(* Let $n$ and $k$ be positive integers, and let $\mathcal{Q}$ be a Boolean lattice of dimension $n+k$ whose elements are colored blue or red. Then $\mathcal{Q}$ contains an all-red copy of $Q_n$ or an all-blue chain of length $k+1$ (i.e. on $k+1$ elements).
   Context: The Boolean lattice of dimension $N$ is the poset of all subsets of an $N$-element set ordered by inclusion; $Q_n$ denotes the Boolean lattice of dimension $n$. A copy of $Q_n$ in $\mathcal{Q}$ is an induced subposet of $\mathcal{Q}$ isomorphic to $Q_n$. *)

theory Defs
  imports Main
begin

text \<open>The Boolean lattice of dimension n is modelled as Pow {..<n} ordered by inclusion.
  A copy of Q_n inside the Boolean lattice Pow X is a family S of subsets of X such that
  (S, subset) is isomorphic as a poset to (Pow {..<n}, subset), i.e. the image of an
  order embedding of Pow {..<n} (order embeddings are automatically injective).\<close>

definition is_copy_of_Q :: "nat \<Rightarrow> 'a set \<Rightarrow> 'a set set \<Rightarrow> bool" where
  "is_copy_of_Q n X S \<longleftrightarrow> S \<subseteq> Pow X \<and>
     (\<exists>f :: nat set \<Rightarrow> 'a set. f ` Pow {..<n} = S \<and>
        (\<forall>A \<in> Pow {..<n}. \<forall>B \<in> Pow {..<n}. A \<subseteq> B \<longleftrightarrow> f A \<subseteq> f B))"

definition is_chain_in :: "nat \<Rightarrow> 'a set \<Rightarrow> 'a set set \<Rightarrow> bool" where
  "is_chain_in m X S \<longleftrightarrow> S \<subseteq> Pow X \<and> finite S \<and> card S = m \<and>
     (\<forall>A \<in> S. \<forall>B \<in> S. A \<subseteq> B \<or> B \<subseteq> A)"

end

theory Submission
  imports Defs
begin

text \<open>Let the blue height of A be the size of a largest all-blue chain of subsets of A. It is
  monotone in A, grows strictly at every blue set, and is at most k when there is no blue chain
  on k + 1 elements. Split the ground set into Y with n elements and z_0, ..., z_{k-1}. For
  B \<subseteq> Y let l(B) be the least i such that B \<union> {z_j | j < i} has blue height at most i;
  then l (red_level) is monotone, and by minimality of l(B) the set B \<union> {z_j | j < l(B)} is red.
  The map B \<mapsto> B \<union> {z_j | j < l(B)} is therefore an order embedding of Pow Y onto an
  all-red family.\<close>

definition blue_chains :: "('a set \<Rightarrow> bool) \<Rightarrow> 'a set \<Rightarrow> 'a set set set" where
  "blue_chains red A = {C. C \<subseteq> Pow A \<and> chain\<^sub>\<subseteq> C \<and> (\<forall>P\<in>C. \<not> red P)}"

definition blue_height :: "('a set \<Rightarrow> bool) \<Rightarrow> 'a set \<Rightarrow> nat" where
  "blue_height red A = Max (card ` blue_chains red A)"

lemma finite_blue_chains: "finite A \<Longrightarrow> finite (blue_chains red A)"
  unfolding blue_chains_def by (rule finite_subset[of _ "Pow (Pow A)"]) auto

lemma finite_blue_chain: "finite A \<Longrightarrow> C \<in> blue_chains red A \<Longrightarrow> finite C"
  unfolding blue_chains_def by (auto intro: finite_subset[of _ "Pow A"])

lemma empty_in_blue_chains: "{} \<in> blue_chains red A"
  by (simp add: blue_chains_def chain_subset_def)

lemma blue_chains_mono: "A \<subseteq> B \<Longrightarrow> blue_chains red A \<subseteq> blue_chains red B"
  unfolding blue_chains_def by auto

lemma blue_chains_downward_closed:
  assumes "C \<in> blue_chains red A" "T \<subseteq> C"
  shows "T \<in> blue_chains red A"
proof -
  have "chain\<^sub>\<subseteq> C" using assms(1) unfolding blue_chains_def by simp
  then have "chain\<^sub>\<subseteq> T" using assms(2) unfolding chain_subset_def by blast
  with assms show ?thesis unfolding blue_chains_def by auto
qed

lemma card_le_blue_height:
  "finite A \<Longrightarrow> C \<in> blue_chains red A \<Longrightarrow> card C \<le> blue_height red A"
  unfolding blue_height_def by (simp add: finite_blue_chains)

lemma blue_height_attained:
  assumes "finite A"
  obtains C where "C \<in> blue_chains red A" "card C = blue_height red A"
proof -
  have "blue_height red A \<in> card ` blue_chains red A"
    unfolding blue_height_def using assms empty_in_blue_chains
    by (intro Max_in finite_imageI finite_blue_chains) auto
  then show ?thesis using that by (metis imageE)
qed

lemma blue_height_mono:
  assumes "A \<subseteq> B" "finite B"
  shows "blue_height red A \<le> blue_height red B"
proof -
  obtain C where "C \<in> blue_chains red A" "card C = blue_height red A"
    using blue_height_attained assms finite_subset by metis
  then show ?thesis
    using blue_chains_mono[OF assms(1)] card_le_blue_height[OF assms(2)] by (metis subsetD)
qed

lemma blue_height_strict_mono:
  assumes "A \<subset> B" "finite B" "\<not> red B"
  shows "blue_height red A < blue_height red B"
proof -
  have "finite A" using assms finite_subset by blast
  then obtain C where C: "C \<in> blue_chains red A" "card C = blue_height red A"
    by (rule blue_height_attained)
  have "B \<notin> C" using C(1) assms(1) by (auto simp: blue_chains_def)
  moreover have "insert B C \<in> blue_chains red B"
    using C(1) assms by (auto simp: blue_chains_def chain_subset_def)
  ultimately show ?thesis
    using card_le_blue_height[OF assms(2)] finite_blue_chain[OF \<open>finite A\<close> C(1)] C(2)
    by fastforce
qed

lemma blue_height_pos:
  assumes "finite B" "\<not> red B"
  shows "0 < blue_height red B"
proof -
  have "{B} \<in> blue_chains red B" using assms by (auto simp: blue_chains_def chain_subset_def)
  from card_le_blue_height[OF assms(1) this] show ?thesis by simp
qed

lemma blue_height_le_if_no_blue_chain:
  assumes "finite X" "A \<subseteq> X"
    and no_chain: "\<not> (\<exists>C. is_chain_in (k + 1) X C \<and> (\<forall>P\<in>C. \<not> red P))"
  shows "blue_height red A \<le> k"
proof (rule ccontr)
  assume "\<not> blue_height red A \<le> k"
  have "finite A" using assms(1,2) by (rule finite_subset[rotated])
  then obtain C where C: "C \<in> blue_chains red A" "card C = blue_height red A"
    by (rule blue_height_attained)
  with \<open>\<not> blue_height red A \<le> k\<close> have "k + 1 \<le> card C" by simp
  then obtain T where T: "T \<subseteq> C" "card T = k + 1" "finite T"
    by (rule obtain_subset_with_card_n)
  have "T \<in> blue_chains red X"
    using blue_chains_downward_closed[OF C(1) T(1)] blue_chains_mono[OF assms(2)] by blast
  then have "is_chain_in (k + 1) X T \<and> (\<forall>P\<in>T. \<not> red P)"
    using T(2,3) by (simp add: is_chain_in_def blue_chains_def chain_subset_def)
  with no_chain show False by blast
qed

definition red_level :: "('a set \<Rightarrow> bool) \<Rightarrow> (nat \<Rightarrow> 'a) \<Rightarrow> 'a set \<Rightarrow> nat" where
  "red_level red z B = (LEAST i. blue_height red (B \<union> z ` {..<i}) \<le> i)"

lemma red_level_le:
  "blue_height red (B \<union> z ` {..<k}) \<le> k \<Longrightarrow> red_level red z B \<le> k"
  unfolding red_level_def by (rule Least_le)

lemma blue_height_at_red_level:
  "blue_height red (B \<union> z ` {..<k}) \<le> k
    \<Longrightarrow> blue_height red (B \<union> z ` {..<red_level red z B}) \<le> red_level red z B"
  unfolding red_level_def by (rule LeastI)

lemma red_level_mono:
  assumes "A \<subseteq> B" "finite B" "blue_height red (B \<union> z ` {..<k}) \<le> k"
  shows "red_level red z A \<le> red_level red z B"
proof -
  let ?l = "red_level red z B"
  have "blue_height red (A \<union> z ` {..<?l}) \<le> blue_height red (B \<union> z ` {..<?l})"
    using assms by (intro blue_height_mono) auto
  also have "\<dots> \<le> ?l" using blue_height_at_red_level[OF assms(3)] .
  finally show ?thesis unfolding red_level_def[of red z A] by (rule Least_le)
qed

lemma red_at_red_level:
  assumes "finite B" "inj_on z {..<k}" "B \<inter> z ` {..<k} = {}"
    and bound: "blue_height red (B \<union> z ` {..<k}) \<le> k"
  shows "red (B \<union> z ` {..<red_level red z B})"
proof (rule ccontr)
  let ?l = "red_level red z B"
  assume blue: "\<not> red (B \<union> z ` {..<?l})"
  have at_l: "blue_height red (B \<union> z ` {..<?l}) \<le> ?l"
    using blue_height_at_red_level[OF bound] .
  show False
  proof (cases ?l)
    case 0
    have "finite (B \<union> z ` {..<?l})" using assms(1) by simp
    from blue_height_pos[where red = red, OF this blue] at_l 0 show False by simp
  next
    case (Suc j)
    have below: "\<not> blue_height red (B \<union> z ` {..<j}) \<le> j"
      using Suc unfolding red_level_def by (metis lessI not_less_Least)
    have "j < k" using Suc red_level_le[OF bound] by simp
    then have "z j \<notin> B \<union> z ` {..<j}"
      using assms(3) inj_on_image_mem_iff[OF assms(2), of j "{..<j}"] by auto
    then have "B \<union> z ` {..<j} \<subset> B \<union> z ` {..<?l}"
      using Suc lessThan_Suc by auto
    from blue_height_strict_mono[where red = red, OF this _ blue] below at_l Suc assms(1)
    show False by simp
  qed
qed

lemma red_copy_of_Q:
  assumes "finite X" "bij_betw e {..<n} Y" "inj_on z {..<k}"
    and "Y \<inter> z ` {..<k} = {}" "Y \<union> z ` {..<k} \<subseteq> X"
    and bound: "\<And>B. B \<subseteq> Y \<Longrightarrow> blue_height red (B \<union> z ` {..<k}) \<le> k"
  shows "\<exists>S. is_copy_of_Q n X S \<and> (\<forall>A\<in>S. red A)"
proof -
  define f where "f S = e ` S \<union> z ` {..<red_level red z (e ` S)}" for S
  have finite_Y: "finite Y" using assms(5) by (intro rev_finite_subset[OF assms(1)]) auto
  have eS: "e ` S \<subseteq> Y" if "S \<subseteq> {..<n}" for S
    using assms(2) that by (auto simp: bij_betw_def)
  have finite_eS: "finite (e ` S)" if "S \<subseteq> {..<n}" for S
    using finite_Y eS[OF that] by (rule rev_finite_subset)
  have level_le: "red_level red z (e ` S) \<le> k" if "S \<subseteq> {..<n}" for S
    by (rule red_level_le[OF bound[OF eS[OF that]]])
  have f_Y: "f S \<inter> Y = e ` S" if "S \<subseteq> {..<n}" for S
  proof -
    have "z ` {..<red_level red z (e ` S)} \<inter> Y = {}"
      using level_le[OF that] assms(4) by auto
    then show ?thesis using eS[OF that] unfolding f_def by auto
  qed
  have embedding: "A \<subseteq> B \<longleftrightarrow> f A \<subseteq> f B" if "A \<subseteq> {..<n}" "B \<subseteq> {..<n}" for A B
  proof
    assume "f A \<subseteq> f B"
    then have "f A \<inter> Y \<subseteq> f B \<inter> Y" by blast
    then have "e ` A \<subseteq> e ` B" by (simp only: f_Y that)
    then show "A \<subseteq> B"
      using inj_on_image_mem_iff[OF bij_betw_imp_inj_on[OF assms(2)]] that by blast
  next
    assume "A \<subseteq> B"
    then have "red_level red z (e ` A) \<le> red_level red z (e ` B)"
      using finite_eS[OF that(2)] bound[OF eS[OF that(2)]] by (intro red_level_mono) auto
    with \<open>A \<subseteq> B\<close> show "f A \<subseteq> f B" unfolding f_def by auto
  qed
  have f_X: "f S \<subseteq> X" if "S \<subseteq> {..<n}" for S
    using eS[OF that] level_le[OF that] assms(5) unfolding f_def by auto
  have f_red: "red (f S)" if "S \<subseteq> {..<n}" for S
  proof -
    have "e ` S \<inter> z ` {..<k} = {}" using eS[OF that] assms(4) by auto
    from red_at_red_level[OF finite_eS[OF that] assms(3) this bound[OF eS[OF that]]]
    show ?thesis unfolding f_def .
  qed
  have "is_copy_of_Q n X (f ` Pow {..<n})"
    unfolding is_copy_of_Q_def
  proof (intro conjI exI[of _ f])
    show "f ` Pow {..<n} \<subseteq> Pow X" using f_X by auto
  qed (use embedding in auto)
  moreover have "\<forall>A \<in> f ` Pow {..<n}. red A" using f_red by auto
  ultimately show ?thesis by blast
qed

theorem corollary9:
  fixes n k :: nat and X :: "'a set" and red :: "'a set \<Rightarrow> bool"
  assumes "n > 0" and "k > 0" and "finite X" and "card X = n + k"
  shows "(\<exists>S. is_copy_of_Q n X S \<and> (\<forall>A \<in> S. red A))
       \<or> (\<exists>C. is_chain_in (k + 1) X C \<and> (\<forall>A \<in> C. \<not> red A))"
proof (rule disjCI)
  assume no_chain: "\<not> (\<exists>C. is_chain_in (k + 1) X C \<and> (\<forall>A \<in> C. \<not> red A))"
  obtain Y where Y: "Y \<subseteq> X" "card Y = n"
    using assms(4) by (metis le_add1 obtain_subset_with_card_n)
  have "finite Y" using Y(1) assms(3) by (rule rev_finite_subset[rotated])
  then have "card (X - Y) = k" using Y assms(4) by (simp add: card_Diff_subset)
  obtain e where e: "bij_betw e {..<n} Y"
    using ex_bij_betw_nat_finite[OF \<open>finite Y\<close>] Y(2) by (auto simp: atLeast0LessThan)
  obtain z where z: "bij_betw z {..<k} (X - Y)"
    using ex_bij_betw_nat_finite[of "X - Y"] assms(3) \<open>card (X - Y) = k\<close>
    by (auto simp: atLeast0LessThan)
  show "\<exists>S. is_copy_of_Q n X S \<and> (\<forall>A \<in> S. red A)"
  proof (rule red_copy_of_Q[OF assms(3) e])
    show "inj_on z {..<k}" "Y \<inter> z ` {..<k} = {}" "Y \<union> z ` {..<k} \<subseteq> X"
      using z Y(1) by (auto simp: bij_betw_def)
    show "blue_height red (B \<union> z ` {..<k}) \<le> k" if "B \<subseteq> Y" for B
      using blue_height_le_if_no_blue_chain[OF assms(3) _ no_chain] that Y(1) z
      by (auto simp: bij_betw_def)
  qed
qed

end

* TASK OBJECTIVE *
Look through the entries above; find each line with the word "bound" and copy it.

* TASK RESPONSE *
    and bound: "blue_height red (B \<union> z ` {..<k}) \<le> k"
    using blue_height_at_red_level[OF bound] .
    have "j < k" using Suc red_level_le[OF bound] by simp
    and bound: "\<And>B. B \<subseteq> Y \<Longrightarrow> blue_height red (B \<union> z ` {..<k}) \<le> k"
    by (rule red_level_le[OF bound[OF eS[OF that]]])
      using finite_eS[OF that(2)] bound[OF eS[OF that(2)]] by (intro red_level_mono) auto
    from red_at_red_level[OF finite_eS[OF that] assms(3) this bound[OF eS[OF that]]]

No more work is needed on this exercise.